綏因的「謝謝」兩個字還沒發出去,埃利夏的視頻邀請便出現,綏因猶豫了一會兒,點擊接聽。

那張俊美至極的臉出現在屏幕內,只是面上滿是混雜著雨水的紅色血水,甚至眼睛裡也有一點,否則如何解釋他泛紅的眼眶和面無表情的臉?

埃利夏望著他的模樣,只猶豫了一瞬間,便迅速交代現在的戰況:「傷亡慘重,現在木族不知道發什麼瘋,也在搞內訌,我在戰場呆了一會兒,蒂斯特曼明顯不對勁,這根本就沒辦法贏!」

她的語速越來越快,到最後幾乎是吼出聲,並非是給綏因出氣,而是面對這樣的敵人,如果連綏因都會失敗,那她們呢?

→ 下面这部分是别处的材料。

lemma has_derivative_pd3:
  fixes f :: "pt3 \<Rightarrow> 'b::real_normed_vector"
  assumes "f differentiable (at p)"
  shows "(f has_derivative (\<lambda>v. fst v *\<^sub>R pd3 0 f p + fst (snd v) *\<^sub>R pd3 1 f p + snd (snd v) *\<^sub>R pd3 2 f p)) (at p)"
proof -
  have f': "(f has_derivative frechet_derivative f (at p)) (at p)"
    using assms by (simp add: frechet_derivative_works)
  have v: "v = fst v *\<^sub>R evec3 0 + fst (snd v) *\<^sub>R evec3 1 + snd (snd v) *\<^sub>R evec3 2" for v
    by (cases v) (simp add: evec3_def)
  note lin = has_derivative_linear[OF f']
  have "frechet_derivative f (at p) =
      (\<lambda>v. fst v *\<^sub>R pd3 0 f p + fst (snd v) *\<^sub>R pd3 1 f p + snd (snd v) *\<^sub>R pd3 2 f p)"
    by (rule ext, subst v) (simp add: linear_add[OF lin] linear_cmul[OF lin] pd3_def)
  with f' show ?thesis
    by simp
qed

lemma pd3_diff:
  assumes "f differentiable (at p)" "g differentiable (at p)"
  shows "pd3 a (\<lambda>p. f p - g p) p = pd3 a f p - pd3 a g p"
  using pd3_eq[OF has_derivative_diff[OF assms[unfolded frechet_derivative_works]]]
  by (simp add: pd3_def)

lemma pd2_slice:
  assumes "f differentiable (at (s,y))" "a \<in> {1,2}"
  shows "pd2 a (\<lambda>y. f (s,y)) y = pd3 a f (s,y)"
proof -
  have "((\<lambda>y. (s,y)) has_derivative (\<lambda>v. (0,v))) (at y)"
    by (auto intro!: derivative_eq_intros)
  from has_derivative_compose[OF this assms(1)[unfolded frechet_derivative_works]]
  have "pd2 a (\<lambda>y. f (s,y)) y = frechet_derivative f (at (s,y)) (0, evec2 a)"
    by (rule pd2_eq)
  also have "(0::real, evec2 a) = evec3 a"
    using assms(2) by (auto simp: evec2_def evec3_def)
  finally show ?thesis
    by (simp add: pd3_def)
qed
lemma sinh_substitution_decay:
  fixes f :: "complex \<Rightarrow> complex" and K \<alpha> \<beta> :: real
  assumes "d < pi / 2" "f analytic_on (sinh ` strip d)" "0 \<le> K" "0 \<le> \<alpha>" "0 \<le> \<beta>"
    and f_minus: "\<And>z. z \<in> sinh ` strip_minus d \<Longrightarrow> cmod (f z) \<le> K * cmod (1 + z^2) powr (-(\<alpha> + 1) / 2)"
    and f_plus: "\<And>z. z \<in> sinh ` strip_plus d \<Longrightarrow> cmod (f z) \<le> K * cmod (1 + z^2) powr (-(\<beta> + 1) / 2)"
  shows "(\<lambda>z. f (sinh z) * cosh z) holomorphic_on {z. \<bar>Im z\<bar> < d}"
    and "\<And>\<delta> z. 0 \<le> \<delta> \<Longrightarrow> \<delta> < d \<Longrightarrow> \<bar>Im z\<bar> \<le> \<delta> \<Longrightarrow> Re z < 0 \<Longrightarrow>
           cmod (f (sinh z) * cosh z) \<le> K * (2 / cos \<delta>) powr \<alpha> * exp (\<alpha> * Re z)"
    and "\<And>\<delta> z. 0 \<le> \<delta> \<Longrightarrow> \<delta> < d \<Longrightarrow> \<bar>Im z\<bar> \<le> \<delta> \<Longrightarrow> Re z \<ge> 0 \<Longrightarrow>
           cmod (f (sinh z) * cosh z) \<le> K * (2 / cos \<delta>) powr \<beta> * exp (-\<beta> * Re z)"
proof -
  have "(\<lambda>z. f (sinh z)) analytic_on strip d"
    using analytic_on_compose_gen[OF analytic_on_sinh[OF analytic_on_ident] assms(2)] by (simp add: o_def)
  then show "(\<lambda>z. f (sinh z) * cosh z) holomorphic_on {z. \<bar>Im z\<bar> < d}"
    unfolding strip_def by (intro analytic_imp_holomorphic analytic_intros)
  fix \<delta> z assume \<delta>: "0 \<le> \<delta>" "\<delta> < d" "\<bar>Im z\<bar> \<le> \<delta>"
  show "cmod (f (sinh z) * cosh z) \<le> K * (2 / cos \<delta>) powr \<alpha> * exp (\<alpha> * Re z)" if "Re z < 0"
    using that \<delta> assms(1,3,4) f_minus[of "sinh z"]
    by (auto intro!: norm_f_sinh_mult_cosh_le[THEN order_trans] simp: strip_minus_def strip_def)
  show "cmod (f (sinh z) * cosh z) \<le> K * (2 / cos \<delta>) powr \<beta> * exp (-\<beta> * Re z)" if "Re z \<ge> 0"
    using that \<delta> assms(1,3,5) f_plus[of "sinh z"]
    by (auto intro!: norm_f_sinh_mult_cosh_le[THEN order_trans] simp: strip_plus_def strip_def)
qed

lemma integral_sinh_substitution:
  fixes f :: "complex \<Rightarrow> complex"
  assumes "(\<lambda>x. f (of_real (sinh x)) * of_real (cosh x)) absolutely_integrable_on UNIV"
  shows "integral UNIV (\<lambda>t. f (of_real t)) = integral UNIV (\<lambda>x. f (of_real (sinh x)) * of_real (cosh x))"
proof -
  define F where "F = (\<lambda>x. f (of_real (sinh x)) * complex_of_real (cosh x))"
  define I where "I = integral UNIV F"
  have "(F has_integral I) UNIV"
    using assms unfolding F_def I_def absolutely_integrable_on_def by (auto intro: integrable_integral)
  have sinh_surj: "sinh ` (UNIV::real set) = UNIV"
    by (auto simp: image_iff intro!: exI[of _ "arsinh _"])
  have "((\<lambda>t. f (of_real t) \<bullet> b) has_integral (I \<bullet> b)) UNIV" if b: "b \<in> Basis" for b
  proof -
    have F_b: "F x \<bullet> b = \<bar>cosh x\<bar> * (f (of_real (sinh x)) \<bullet> b)" for x
      by (simp add: F_def scaleR_conv_of_real mult.commute flip: scaleR_conv_of_real)
    have "(\<lambda>x. F x \<bullet> b) absolutely_integrable_on UNIV" "integral UNIV (\<lambda>x. F x \<bullet> b) = I \<bullet> b"
      using assms \<open>(F has_integral I) UNIV\<close> b absolutely_integrable_componentwise_iff[where f = F and A = UNIV]
        has_integral_componentwise_iff[where f = F and y = I and A = UNIV] integral_unique
      unfolding F_def by blast+
    moreover have "\<And>x. x \<in> UNIV \<Longrightarrow> (sinh has_real_derivative cosh x) (at x within UNIV)"
      by (auto intro!: derivative_eq_intros)
    ultimately have "(\<lambda>t. f (of_real t) \<bullet> b) absolutely_integrable_on (sinh ` UNIV) \<and>
        integral (sinh ` UNIV) (\<lambda>t. f (of_real t) \<bullet> b) = I \<bullet> b"
      using has_absolute_integral_change_of_variables_1'[of UNIV sinh cosh "\<lambda>t. f (of_real t) \<bullet> b" "I \<bullet> b"]
      unfolding F_b by (simp add: inj_on_def)
    then show ?thesis
      unfolding sinh_surj by (metis absolutely_integrable_on_def integrable_integral)
  qed
  then have "((\<lambda>t. f (of_real t)) has_integral I) UNIV"
    by (subst has_integral_componentwise_iff) blast
  then show ?thesis
    unfolding I_def F_def by (rule integral_unique)
qed

lemma norm_integral_minus_sinh_trapezoid_le:
  fixes f :: "complex \<Rightarrow> complex" and d K \<alpha> \<beta> h s :: real and M N :: int
  assumes "0 < d" "d < pi / 2" "f analytic_on (sinh ` strip d)" "0 \<le> K" "0 < \<alpha>" "0 < \<beta>"
    and "\<And>z. z \<in> sinh ` strip_minus d \<Longrightarrow> cmod (f z) \<le> K * cmod (1 + z^2) powr (-(\<alpha> + 1) / 2)"
    and "\<And>z. z \<in> sinh ` strip_plus d \<Longrightarrow> cmod (f z) \<le> K * cmod (1 + z^2) powr (-(\<beta> + 1) / 2)"
    and "0 < h" "0 \<le> M" "0 \<le> N" "s = 2 * pi * d / h" "s \<le> \<alpha> * M * h" "s \<le> \<beta> * N * h"
  shows "cmod (integral UNIV (\<lambda>t. f (of_real t))
           - of_real h * (\<Sum>k=-M..N. f (sinh (of_real (of_int k * h))) * cosh (of_real (of_int k * h))))
         \<le> 2 powr (max \<alpha> \<beta> + 1) * K / min \<alpha> \<beta> * (2 / ((1 - exp (-s)) * cos d powr max \<alpha> \<beta>) + 1) * exp (-s)"
proof -
  note decay = sinh_substitution_decay[OF assms(2-4) less_imp_le[OF assms(5)] less_imp_le[OF assms(6)] assms(7,8)]
  note trapezoid = norm_integral_minus_trapezoid_le[OF decay(1) assms(1,2,4-6,9) decay(2,3) assms(10-14)]
  have "integral UNIV (\<lambda>t. f (of_real t)) = integral UNIV (\<lambda>x. f (sinh (of_real x)) * cosh (of_real x))"
    using integral_sinh_substitution[of f] trapezoid(1) by (simp add: sinh_of_real cosh_of_real)
  then show ?thesis
    using trapezoid(2) by simp
qed

lemma sqrt_step_size:
  fixes a m :: real
  assumes "0 < a" "0 < m"
  shows "a / sqrt (a / m) = sqrt (a * m)" and "m * sqrt (a / m) = sqrt (a * m)"
proof -
  have "a = sqrt a * sqrt a" "m = sqrt m * sqrt m"
    using assms by simp_all
  then show "a / sqrt (a / m) = sqrt (a * m)" "m * sqrt (a / m) = sqrt (a * m)"
    using assms by (simp_all add: real_sqrt_divide real_sqrt_mult field_simps)
qed
text \<open>If \<open>\<psi>\<close> depends only on a set \<open>D\<close> of \<open>m\<close> coordinates, then \<open>L \<psi>\<close> is a sum over the at most
  \<open>m (N - 1)\<close> pairs \<open>(i, j)\<close> touching \<open>D\<close> (the other terms vanish because \<open>Q\<^sub>(\<^sub>i\<^sub>,\<^sub>j\<^sub>)\<close> fixes \<open>\<psi>\<close>), each of
  sup norm at most \<open>4 \<parallel>\<psi>\<parallel> / (N - 1)\<close> and depending on at most \<open>m + 1\<close> coordinates. Iterating,
  \<open>\<parallel>L\<^sup>k \<psi>\<parallel> \<le> 4\<^sup>k m (m + 1) \<dots> (m + k - 1) \<parallel>\<psi>\<parallel>\<close>, independently of \<open>N\<close>, and
  \<open>\<Sum>\<^sub>k (4T)\<^sup>k m (m + 1) \<dots> (m + k - 1) / k! = (1 - 4T)\<^sup>-\<^sup>m\<close> converges for \<open>T < 1/4\<close>.\<close>

lemma bounded_on_iff: "bounded_on S f \<longleftrightarrow> (\<exists>B. \<forall>x\<in>S. \<bar>f x\<bar> \<le> B)"
  by (auto simp: bounded_on_def bdd_above_def)

lemma bounded_on_const: "bounded_on S (\<lambda>_. c)"
  by (auto simp: bounded_on_iff)
lemma sqrt_one_plus_K_sq_minus_K:
  "sqrt (1 + K^2) - K = (s^2 - al*be - r) / ((1 - m)*(be - al))"
proof -
  define N where "N = s^2 - al*be - r"
  define u where "u = (1 - m)*(be - al)"
  define T where "T = N/u"
  have "N > 0" and "u > 0"
    unfolding N_def u_def using r_less m_less_1 al_less_be by simp_all
  then have T0: "T > 0"
    unfolding T_def by simp
  have "(1 + m)*(2*N*u*K - (u^2 - N^2)) = 0"
    using K_eq B_eq s_sq r_sq unfolding N_def u_def by algebra
  then have "2*N*u*K = u^2 - N^2"
    using m_nonneg by simp
  then have "K = (u^2 - N^2)/(2*N*u)"
    using \<open>N > 0\<close> \<open>u > 0\<close> by (simp add: field_simps)
  also have "\<dots> = (1 - T^2)/(2*T)"
    unfolding T_def using \<open>N > 0\<close> \<open>u > 0\<close> by (simp add: field_simps power2_eq_square)
  finally have K_T: "K = (1 - T^2)/(2*T)" .
  have "1 + K^2 = ((1 + T^2)/(2*T))^2"
    unfolding K_T using T0 by (simp add: field_simps power2_eq_square)
  then have "sqrt (1 + K^2) = (1 + T^2)/(2*T)"
    using T0 by simp
  then have "sqrt (1 + K^2) - K = T"
    unfolding K_T using T0 by (simp add: field_simps power2_eq_square)
  then show ?thesis
    unfolding T_def N_def u_def .
qed

lemma tan_half_max_subtended:
  "tan (arccos (K / sqrt (1 + K^2)) / 2) =
     sqrt (1 + m) / sqrt (1 - m) * tanh (ln (((s + be)*(s - al)) / ((s + al)*(s - be))) / 4)"
proof -
  have s_split: "s = sqrt (1 - m) * sqrt (1 + m)"
    unfolding s_def by (simp add: real_sqrt_mult[symmetric] power2_eq_square algebra_simps)
  have frac: "N/((q*q)*d) = p/q * (N/((q*p)*d))" if "p > 0" "q > 0" "d > 0" for p q d N :: real
    using that by (simp add: field_simps)
  have rescale: "N/((1 - m)*(be - al)) = sqrt (1 + m)/sqrt (1 - m) * (N/(s*(be - al)))" for N
    using frac[of "sqrt (1 + m)" "sqrt (1 - m)" "be - al" N] m_less_1 m_nonneg al_less_be
    unfolding s_split by simp
  show ?thesis
    unfolding tan_half_arccos_cot sqrt_one_plus_K_sq_minus_K rescale
      tanh_quarter_ln_cross_ratio[OF s_pos abs_al_less abs_be_less al_less_be] r_def ..
qed

end

lemma inner_complex_orthonormal:
  fixes z w e :: complex
  assumes "cmod e = 1"
  shows "z \<bullet> w = (z \<bullet> e)*(w \<bullet> e) + (z \<bullet> (\<i>*e))*(w \<bullet> (\<i>*e))"
proof -
  have "(Re e)^2 + (Im e)^2 = 1"
    using assms by (simp add: cmod_def)
  then show ?thesis
    unfolding inner_complex_def by simp algebra
qed

(* e is the direction of b - a and n a unit normal, oriented so that m = - (a \<bullet> n) \<ge> 0;
   the point z has chord coordinates (z \<bullet> e, z \<bullet> n + m). *)
locale disk_frame =
  fixes a b e n :: complex and m al be :: real
  assumes a_in_disk: "cmod a < 1" and b_in_disk: "cmod b < 1" and a_ne_b: "a \<noteq> b"
    and e_unit: "cmod e = 1" and n_rot: "n = \<i> * e \<or> n = - (\<i> * e)"
    and b_minus_a: "b - a = cmod (b - a) *\<^sub>R e"
    and a_dot_n_nonpos: "a \<bullet> n \<le> 0"
    and m_eq: "m = - (a \<bullet> n)" and al_eq: "al = a \<bullet> e" and be_eq: "be = b \<bullet> e"
begin

lemma inner_frame: "z \<bullet> w = (z \<bullet> e)*(w \<bullet> e) + (z \<bullet> n)*(w \<bullet> n)"
  using n_rot inner_complex_orthonormal[OF e_unit, of z w] by auto
(* Let $n\ge2$, let $\tau_1,\dots,\tau_{n!}$ be the enumeration $S_n$ of simple $n$-braids defined below, and let $M_n$ be the $n!\times n!$ matrix with $(M_n)_{k,\ell}=1$ if $(\tau_k,\tau_\ell)$ is normal and $0$ otherwise. Then: (i) the first column and the last row of $M_n$ contain only $1$'s; the first row, except its first entry, and the last column, except its last entry, contain only $0$'s; (ii) the first $(n-1)!$ columns of $M_n$ consist of $n$ stacked copies of $M_{n-1}$; (iii) if $D_R(\tau_k)=D_R(\tau_{k'})$, then the $k$-th and $k'$-th rows of $M_n$ coincide; if $D_L(\tau_\ell)=D_L(\tau_{\ell'})$, then the $\ell$-th and $\ell'$-th columns of $M_n$ coincide.
   Context: $B_n^+$ is the positive braid monoid with generators $\sigma_1,\dots,\sigma_{n-1}$ and relations $\sigma_i\sigma_j=\sigma_j\sigma_i$ ($|i-j|\ge2$), $\sigma_i\sigma_j\sigma_i=\sigma_j\sigma_i\sigma_j$ ($|i-j|=1$). $\Delta_1=1$, $\Delta_m=\sigma_1\cdots\sigma_{m-1}\Delta_{m-1}$. Simple $m$-braids are the left (equivalently right) divisors of $\Delta_m$ in $B_m^+$. For simple $x$, $D_L(x)$ (resp. $D_R(x)$) is the set of $i$ with $\sigma_i$ a left (resp. right) divisor of $x$. A pair $(x,y)$ of simple $m$-braids is normal if $x=\gcd(\Delta_m,xy)$ (greatest common left divisor); equivalently $D_R(x)\supseteq D_L(y)$. With $\sigma_{i,m}=\sigma_i\sigma_{i+1}\cdots\sigma_{m-1}$ ($\sigma_{m,m}=1$), the list $S_m$ of simple $m$-braids is defined by $S_1=(1)$ and $S_m=S_{m-1}{}^\frown\sigma_{m-1,m}S_{m-1}{}^\frown\cdots{}^\frown\sigma_{1,m}S_{m-1}$, where ${}^\frown$ is list concatenation and $xS$ is the list obtained by left-multiplying every entry of $S$ by $x$. Each $S_{m-1}$ is an initial segment of $S_m$; $\tau_k$ denotes the $k$-th entry, and $M_{n-1}$ is defined like $M_n$ from $S_{n-1}$ with normality in $B_{n-1}^+$. *)

theory Defs
  imports Main
begin

(* Positive braid words: the generator sigma_i is represented by the natural number i.
   A word over {1..<m} represents an element of B_m^+. *)

inductive braid_step :: "nat list \<Rightarrow> nat list \<Rightarrow> bool" where
  comm: "i + 2 \<le> j \<or> j + 2 \<le> i \<Longrightarrow> braid_step (u @ [i, j] @ v) (u @ [j, i] @ v)"
| braid: "j = Suc i \<or> i = Suc j \<Longrightarrow> braid_step (u @ [i, j, i] @ v) (u @ [j, i, j] @ v)"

捫心自問,埃利夏並不絕對自己能在這群瘋子手裡討到什麼好處,她們依賴高科技,可是高科技對這些病毒一樣的分裂體根本沒有半點用處!

說句扎心的話,能將他們轟成碎渣的高科技甚至能稱得上是他們的助力!

「會有辦法的,」綏因從未像現在這樣冷靜過,他看著埃利夏,目光森冷但面容溫柔,他一如既往地掛上假面笑道,「我要讓祂後悔遇見我。」

——只是給人的感覺格外陰惻惻,埃利夏下意識反問:「什麼?」

綏因搖搖頭,只讓她聯繫仍在前線的什托等蟲,掛斷通訊之前又留下一句:「等我。」

通訊掛斷。

埃利夏深吸一口氣,身邊的雅姆湊上來滿臉的擔憂,只是她什麼話都沒來的及說便被埃利夏徑直打斷,對方只扔過來一串亂碼:「軍用頻道連結蟲族,這個頻道——配合他們的行動。」

一軍艦的女人們你看看我我看看你,滿臉嚴肅卻又無奈的接受了這個現實。

她們沒有哪一刻比現在更能明白什麼叫「唇亡齒寒」,什麼叫「命運共同體」,明明千百年前的族內性別戰爭的時候都沒有這種感覺。

雅姆不語,只是接過那串亂碼轉身回到操作台上,在那幽幽冒著藍光的操作台上,十指翻飛,三分鐘後,僵硬的翻譯器的聲音傳來——「這裡是什托,聽到請回答。」

戰場回無限拉長時間和空間,像是鈍刀子割肉,又給你浸泡點鹽水,刺痛,痛到神經麻木但清晰無比,這並不是綏因對戰場的定義,但是大多數生物對戰場的看法。

罕見的是,綏因終於能給理解這樣的感受。

他來到地下室的門口,那個黑漆漆的冗長通道,直通他的密室,迷失的盡頭是滿牆的文檔和中央一張桌子,桌子上只有一枚放在孵化器內精心呵護的卵,旁邊放著一枚鑲著紫色晶石的戒指。

他一腳踏入,正好對上了鏡子裡的雄蟲,隔著一段距離,他能清楚地看到那張冷靜、冷漠的臉,和喉結上那顆突兀的小痣。

第87章

綏因慢慢那走到鏡子面前, 伸手摸著鏡子裡的雄蟲的臉,沉默著嘆了口氣。

事到如今,也沒有更好的辦法, 這一局他輸得很徹底——如果拋棄這個種族那當然不會有什麼危險,但問題就在於那該死的能量球算準了他捨棄不下這個世界。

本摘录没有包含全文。